The Many Roots of Our Suffering: Reflections on Robert Trivers (1943–2026)

The contributions of Robert Trivers belong in the special category of ideas that are obvious once they are explained, yet eluded great minds for ages; simple enough to be stated in a few words, yet with implications that have busied scientists for decades.

· 15 min read
Biologist Dr Robert Trivers holds a plastic bag filled with water and plumose anemones at the Long Marine Laboratory in Santa Cruz, California.
Dr Robert Trivers (1943–2026). Photo by Roger Ressmeyer via Getty Images.

In March 2026, three prominent thinkers died within a day of each other. Lavish obituaries immediately marked the deaths of the always-wrong environmentalist Paul Ehrlich and the often-obscure political philosopher Jürgen Habermas. But two weeks after the death of Robert Trivers, one of the greatest evolutionary biologists since Charles Darwin, not a single major news source has noticed his passing. This despite Trivers’s singular accomplishment of showing how the endlessly fascinating complexities of human relations are grounded in the wellsprings of complex life. And despite the fact that the man’s life was itself an object of fascination. Trivers was no ordinary academic. He was privileged in upbringing but louche in lifestyle, personally endearing but at times obstreperous and irresponsible, otherworldly brilliant but forehead-slappingly foolish. 

Robert Trivers. Photo supplied by the author.

Trivers’s contributions belong in the special category of ideas that are obvious once they are explained, yet eluded great minds for ages; simple enough to be stated in a few words, yet with implications that have busied scientists for decades. In an astonishing creative burst from 1971 to 1975, Trivers wrote five seminal essays that invoked patterns of genetic overlap to explain each of the major human relationships: male with female, parent with child, sibling with sibling, partner with partner, and a person with himself or herself. 

The fallout for science was vast.
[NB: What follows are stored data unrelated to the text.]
theorem lemma2p4:
  fixes M :: "'a::euclidean_space set"
    and H :: "'a \<Rightarrow> 'a \<Rightarrow> real \<Rightarrow> real"
    and \<Lambda> C\<^sub>0 C\<^sub>1 :: real and T :: ereal
    and v :: "'a \<times> real \<Rightarrow> ereal" and y :: 'a
  assumes manifold: "closed_submanifold M"
    and H1: "continuous_on {(x, p, u). x \<in> M \<and> p \<in> tangent_space M x} (\<lambda>(x, p, u). H x p u)"
    and H2: "\<And>R. R > 0 \<Longrightarrow> \<exists>K>0. \<forall>x\<in>M. \<forall>p\<in>tangent_space M x. \<forall>u.
                \<bar>u\<bar> \<le> R \<and> norm p \<ge> K \<longrightarrow> H x p u > R"
    and H3: "\<And>x u. x \<in> M \<Longrightarrow> convex_on (tangent_space M x) (\<lambda>p. H x p u)"
    and Lpos: "\<Lambda> > 0"
    and H4: "\<And>x p u w. x \<in> M \<Longrightarrow> p \<in> tangent_space M x \<Longrightarrow> \<bar>H x p u - H x p w\<bar> \<le> \<Lambda> * \<bar>u - w\<bar>"
    and Tpos: "T > 0"
    and lsc: "lsc_on (M \<times> {t. 0 \<le> t \<and> ereal t < T}) v"
    and sub: "BJ_subsol M H T v"
    and bdd: "\<exists>c::real. \<forall>x\<in>M. \<forall>t. 0 \<le> t \<and> ereal t < T \<longrightarrow> ereal c \<le> v (x, t)"
    and C0pos: "C\<^sub>0 > 0" and C1pos: "C\<^sub>1 > 0"
    and HC0: "\<And>x p. x \<in> M \<Longrightarrow> p \<in> tangent_space M x \<Longrightarrow> H x p 0 \<ge> - C\<^sub>0"
    and vC1: "\<And>x t. x \<in> M \<Longrightarrow> 0 \<le> t \<Longrightarrow> ereal t < T \<Longrightarrow> v (x, t) \<ge> ereal (- C\<^sub>1)"
    and yM: "y \<in> M"
  shows "(Liminf (at_right 0) (\<lambda>s. v (y, s)) < \<infinity> \<longrightarrow>
           (\<forall>t. 0 < t \<and> ereal t < T \<longrightarrow>
              v (y, t) \<le> ereal (exp (\<Lambda> * t)) * Liminf (at_right 0) (\<lambda>s. v (y, s))
                        + ereal ((C\<^sub>0 / \<Lambda> + 2 * C\<^sub>1) * (exp (\<Lambda> * t) - 1))))
       \<and> (\<forall>s. 0 < s \<and> ereal s < T \<and> v (y, s) < \<infinity> \<longrightarrow>
           (\<forall>t. s < t \<and> ereal t < T \<longrightarrow>
              v (y, t) \<le> v (y, s) * ereal (exp (\<Lambda> * (t - s)))
                        + ereal ((C\<^sub>0 / \<Lambda> + 2 * C\<^sub>1) * (exp (\<Lambda> * (t - s)) - 1))))"
proof -
  define C where "C = C\<^sub>0 / \<Lambda> + 2 * C\<^sub>1"
  have "C\<^sub>1 < C" unfolding C_def using C0pos C1pos Lpos by (simp add: add_pos_pos)
  have earlier: "ereal s < T" if "s < t" "ereal t < T" for s t
    using that by (meson ereal_less_eq(3) le_less_trans less_imp_le)
  have lower: "ereal (- C) < v (y, s)" if "0 < s" "ereal s < T" for s
  proof -
    have "ereal (- C) < ereal (- C\<^sub>1)" using \<open>C\<^sub>1 < C\<close> by simp
    also have "\<dots> \<le> v (y, s)" using vC1[OF yM, of s] that by simp
    finally show ?thesis .
  qed
  have growth: "v (y, t) \<le> ereal ((ws + C) * exp (\<Lambda> * (t - s)) - C)"
    if "0 < s" "s < t" "ereal t < T" "v (y, s) = ereal ws" for s t ws
    unfolding C_def by (rule BJ_subsol_exp_growth[OF manifold Lpos H4 lsc sub C0pos C1pos HC0 vC1 yM that])
  show ?thesis
    unfolding C_def[symmetric]
  proof (intro conjI impI allI)
    fix t assume "Liminf (at_right 0) (\<lambda>s. v (y, s)) < \<infinity>" and t: "0 < t \<and> ereal t < T"
    then show "v (y, t) \<le> ereal (exp (\<Lambda> * t)) * Liminf (at_right 0) (\<lambda>s. v (y, s))
        + ereal (C * (exp (\<Lambda> * t) - 1))"
      using Liminf_at_right_exp_bound[OF Lpos, where f = "\<lambda>s. v (y, s)" and C = C] lower growth earlier
      by simp
  next
    fix s t assume s: "0 < s \<and> ereal s < T \<and> v (y, s) < \<infinity>" and t: "s < t \<and> ereal t < T"
    then obtain ws where ws: "v (y, s) = ereal ws" using lower[of s] by (cases "v (y, s)") auto
    then have "v (y, t) \<le> ereal ((ws + C) * exp (\<Lambda> * (t - s)) - C)" using growth s t by simp
    then show "v (y, t) \<le> v (y, s) * ereal (exp (\<Lambda> * (t - s))) + ereal (C * (exp (\<Lambda> * (t - s)) - 1))"
      using ws by (simp add: algebra_simps)
  qed
qed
The fields of sociobiology, evolutionary psychology, behavioural ecology, and Darwinian social science are largely projects that test Trivers’s hypotheses. The ideas took pride of place in E. O. Wilson’s Sociobiology in 1975, Richard Dawkins’s The Selfish Gene in 1976, and many other bestsellers in the next three decades such as Robert Wright’s The Moral Animal (1994) and my own How the Mind Works (1997) and The Blank Slate (2002). In 2007 the ideas earned Trivers the Crafoord Prize, the equivalent of a Nobel for fields not recognised by Nobels. 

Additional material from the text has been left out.